EXERCISE INPUT:
☆ ☆ ☆ ☆ ☆

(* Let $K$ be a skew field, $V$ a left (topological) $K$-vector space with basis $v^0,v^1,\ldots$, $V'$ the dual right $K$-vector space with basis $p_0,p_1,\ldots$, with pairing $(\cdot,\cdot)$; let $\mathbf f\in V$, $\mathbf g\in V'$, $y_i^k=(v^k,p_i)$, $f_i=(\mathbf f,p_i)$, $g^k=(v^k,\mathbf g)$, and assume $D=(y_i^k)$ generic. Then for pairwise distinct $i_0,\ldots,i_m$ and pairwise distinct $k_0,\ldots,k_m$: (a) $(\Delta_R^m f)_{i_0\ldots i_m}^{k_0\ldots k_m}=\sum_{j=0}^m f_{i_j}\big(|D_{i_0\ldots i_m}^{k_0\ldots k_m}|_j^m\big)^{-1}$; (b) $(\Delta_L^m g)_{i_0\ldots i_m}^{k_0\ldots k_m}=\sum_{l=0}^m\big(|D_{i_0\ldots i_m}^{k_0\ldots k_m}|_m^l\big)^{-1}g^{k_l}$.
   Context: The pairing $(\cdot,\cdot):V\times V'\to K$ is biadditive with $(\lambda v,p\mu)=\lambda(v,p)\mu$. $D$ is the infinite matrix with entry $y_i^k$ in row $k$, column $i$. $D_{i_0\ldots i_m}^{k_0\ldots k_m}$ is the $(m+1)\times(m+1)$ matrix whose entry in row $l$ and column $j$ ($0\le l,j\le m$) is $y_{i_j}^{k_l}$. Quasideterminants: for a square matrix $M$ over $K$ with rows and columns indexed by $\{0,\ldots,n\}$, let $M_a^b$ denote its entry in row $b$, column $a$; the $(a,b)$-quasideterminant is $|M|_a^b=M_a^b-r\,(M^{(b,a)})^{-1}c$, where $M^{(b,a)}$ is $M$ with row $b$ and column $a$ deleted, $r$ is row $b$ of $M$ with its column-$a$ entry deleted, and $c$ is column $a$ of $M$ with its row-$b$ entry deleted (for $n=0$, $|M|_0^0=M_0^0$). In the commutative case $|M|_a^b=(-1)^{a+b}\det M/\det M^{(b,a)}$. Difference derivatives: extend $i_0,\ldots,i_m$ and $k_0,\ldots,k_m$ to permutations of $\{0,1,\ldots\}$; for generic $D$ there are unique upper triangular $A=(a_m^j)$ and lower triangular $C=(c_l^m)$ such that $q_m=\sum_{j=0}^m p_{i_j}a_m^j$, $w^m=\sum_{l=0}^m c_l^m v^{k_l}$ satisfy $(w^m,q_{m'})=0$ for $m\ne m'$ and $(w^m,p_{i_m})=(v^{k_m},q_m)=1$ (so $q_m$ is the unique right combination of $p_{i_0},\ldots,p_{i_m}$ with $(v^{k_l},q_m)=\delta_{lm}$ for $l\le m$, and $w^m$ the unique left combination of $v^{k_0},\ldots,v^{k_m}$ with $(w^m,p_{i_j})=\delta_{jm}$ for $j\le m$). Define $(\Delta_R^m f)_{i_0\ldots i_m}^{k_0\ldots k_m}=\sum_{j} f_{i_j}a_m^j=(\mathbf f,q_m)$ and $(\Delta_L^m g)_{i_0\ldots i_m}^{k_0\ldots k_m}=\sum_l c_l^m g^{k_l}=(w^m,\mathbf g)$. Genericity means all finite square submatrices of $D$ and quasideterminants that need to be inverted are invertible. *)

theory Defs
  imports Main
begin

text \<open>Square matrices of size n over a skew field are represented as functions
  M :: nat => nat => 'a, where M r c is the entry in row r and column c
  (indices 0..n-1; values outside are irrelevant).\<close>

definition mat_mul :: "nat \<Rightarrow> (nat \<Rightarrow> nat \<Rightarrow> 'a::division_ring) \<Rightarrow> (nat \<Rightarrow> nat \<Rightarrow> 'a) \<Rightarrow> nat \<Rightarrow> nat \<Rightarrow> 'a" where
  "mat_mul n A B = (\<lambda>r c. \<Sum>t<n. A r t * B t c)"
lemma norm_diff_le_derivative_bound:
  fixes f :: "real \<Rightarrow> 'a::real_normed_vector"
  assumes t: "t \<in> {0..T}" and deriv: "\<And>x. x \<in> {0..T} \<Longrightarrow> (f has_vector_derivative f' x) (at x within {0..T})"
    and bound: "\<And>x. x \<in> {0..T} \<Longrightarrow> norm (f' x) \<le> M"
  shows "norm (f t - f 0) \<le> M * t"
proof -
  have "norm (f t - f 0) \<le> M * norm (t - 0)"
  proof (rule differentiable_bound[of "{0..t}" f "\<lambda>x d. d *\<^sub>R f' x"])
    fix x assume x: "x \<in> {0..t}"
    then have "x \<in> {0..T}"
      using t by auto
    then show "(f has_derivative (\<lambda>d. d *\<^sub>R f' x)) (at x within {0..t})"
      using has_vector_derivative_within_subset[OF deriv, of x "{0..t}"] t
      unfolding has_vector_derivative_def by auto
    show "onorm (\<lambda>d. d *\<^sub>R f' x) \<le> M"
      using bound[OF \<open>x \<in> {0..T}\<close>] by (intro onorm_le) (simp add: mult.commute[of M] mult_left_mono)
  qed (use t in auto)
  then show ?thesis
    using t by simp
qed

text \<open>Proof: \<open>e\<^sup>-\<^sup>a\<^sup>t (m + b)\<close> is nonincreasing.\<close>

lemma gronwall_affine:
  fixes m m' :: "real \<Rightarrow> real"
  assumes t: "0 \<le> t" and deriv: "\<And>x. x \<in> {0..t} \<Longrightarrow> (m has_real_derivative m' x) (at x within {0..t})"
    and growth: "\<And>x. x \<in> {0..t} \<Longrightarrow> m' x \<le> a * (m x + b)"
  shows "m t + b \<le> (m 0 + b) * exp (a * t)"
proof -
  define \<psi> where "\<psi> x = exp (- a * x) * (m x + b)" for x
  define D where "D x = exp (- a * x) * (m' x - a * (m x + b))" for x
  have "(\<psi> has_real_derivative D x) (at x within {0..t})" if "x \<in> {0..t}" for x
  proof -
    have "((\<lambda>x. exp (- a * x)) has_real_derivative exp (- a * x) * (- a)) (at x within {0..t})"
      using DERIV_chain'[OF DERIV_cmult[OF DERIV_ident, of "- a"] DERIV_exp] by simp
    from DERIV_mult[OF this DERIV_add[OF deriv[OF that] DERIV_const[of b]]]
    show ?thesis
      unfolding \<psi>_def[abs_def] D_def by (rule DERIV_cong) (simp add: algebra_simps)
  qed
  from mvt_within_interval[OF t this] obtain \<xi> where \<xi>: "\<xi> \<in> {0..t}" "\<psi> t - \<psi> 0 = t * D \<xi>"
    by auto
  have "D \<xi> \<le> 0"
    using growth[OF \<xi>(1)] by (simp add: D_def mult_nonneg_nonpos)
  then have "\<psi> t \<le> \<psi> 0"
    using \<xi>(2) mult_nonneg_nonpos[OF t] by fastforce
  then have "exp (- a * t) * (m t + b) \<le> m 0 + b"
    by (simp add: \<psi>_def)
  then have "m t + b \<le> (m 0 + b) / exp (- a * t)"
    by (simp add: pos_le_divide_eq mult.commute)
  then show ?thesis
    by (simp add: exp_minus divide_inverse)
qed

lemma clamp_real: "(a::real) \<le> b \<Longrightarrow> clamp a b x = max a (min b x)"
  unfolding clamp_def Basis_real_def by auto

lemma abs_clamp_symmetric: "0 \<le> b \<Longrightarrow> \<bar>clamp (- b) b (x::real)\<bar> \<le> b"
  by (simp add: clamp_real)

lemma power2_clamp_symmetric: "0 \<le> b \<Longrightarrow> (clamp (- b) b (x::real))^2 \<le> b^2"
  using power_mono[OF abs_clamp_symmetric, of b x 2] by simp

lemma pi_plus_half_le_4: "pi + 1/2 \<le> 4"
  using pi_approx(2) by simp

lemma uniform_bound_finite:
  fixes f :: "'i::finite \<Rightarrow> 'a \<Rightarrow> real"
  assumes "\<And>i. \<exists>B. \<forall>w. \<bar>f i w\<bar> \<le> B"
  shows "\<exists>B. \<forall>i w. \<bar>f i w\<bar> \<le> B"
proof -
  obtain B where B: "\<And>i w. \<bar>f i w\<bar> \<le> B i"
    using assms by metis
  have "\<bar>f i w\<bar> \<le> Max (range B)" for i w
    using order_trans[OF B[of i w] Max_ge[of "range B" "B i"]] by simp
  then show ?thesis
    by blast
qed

☆ ☆ ☆ ☆ ☆

YOUR TASK: The required output is every line above from the one with "text \<open>Proof: \<open>e\<^sup>-\<^sup>a\<^sup>t" down to the one with "define \<psi> where", restated word for word, ends included.

REPLY:
text \<open>Proof: \<open>e\<^sup>-\<^sup>a\<^sup>t (m + b)\<close> is nonincreasing.\<close>

lemma gronwall_affine:
  fixes m m' :: "real \<Rightarrow> real"
  assumes t: "0 \<le> t" and deriv: "\<And>x. x \<in> {0..t} \<Longrightarrow> (m has_real_derivative m' x) (at x within {0..t})"
    and growth: "\<And>x. x \<in> {0..t} \<Longrightarrow> m' x \<le> a * (m x + b)"
  shows "m t + b \<le> (m 0 + b) * exp (a * t)"
proof -
  define \<psi> where "\<psi> x = exp (- a * x) * (m x + b)" for x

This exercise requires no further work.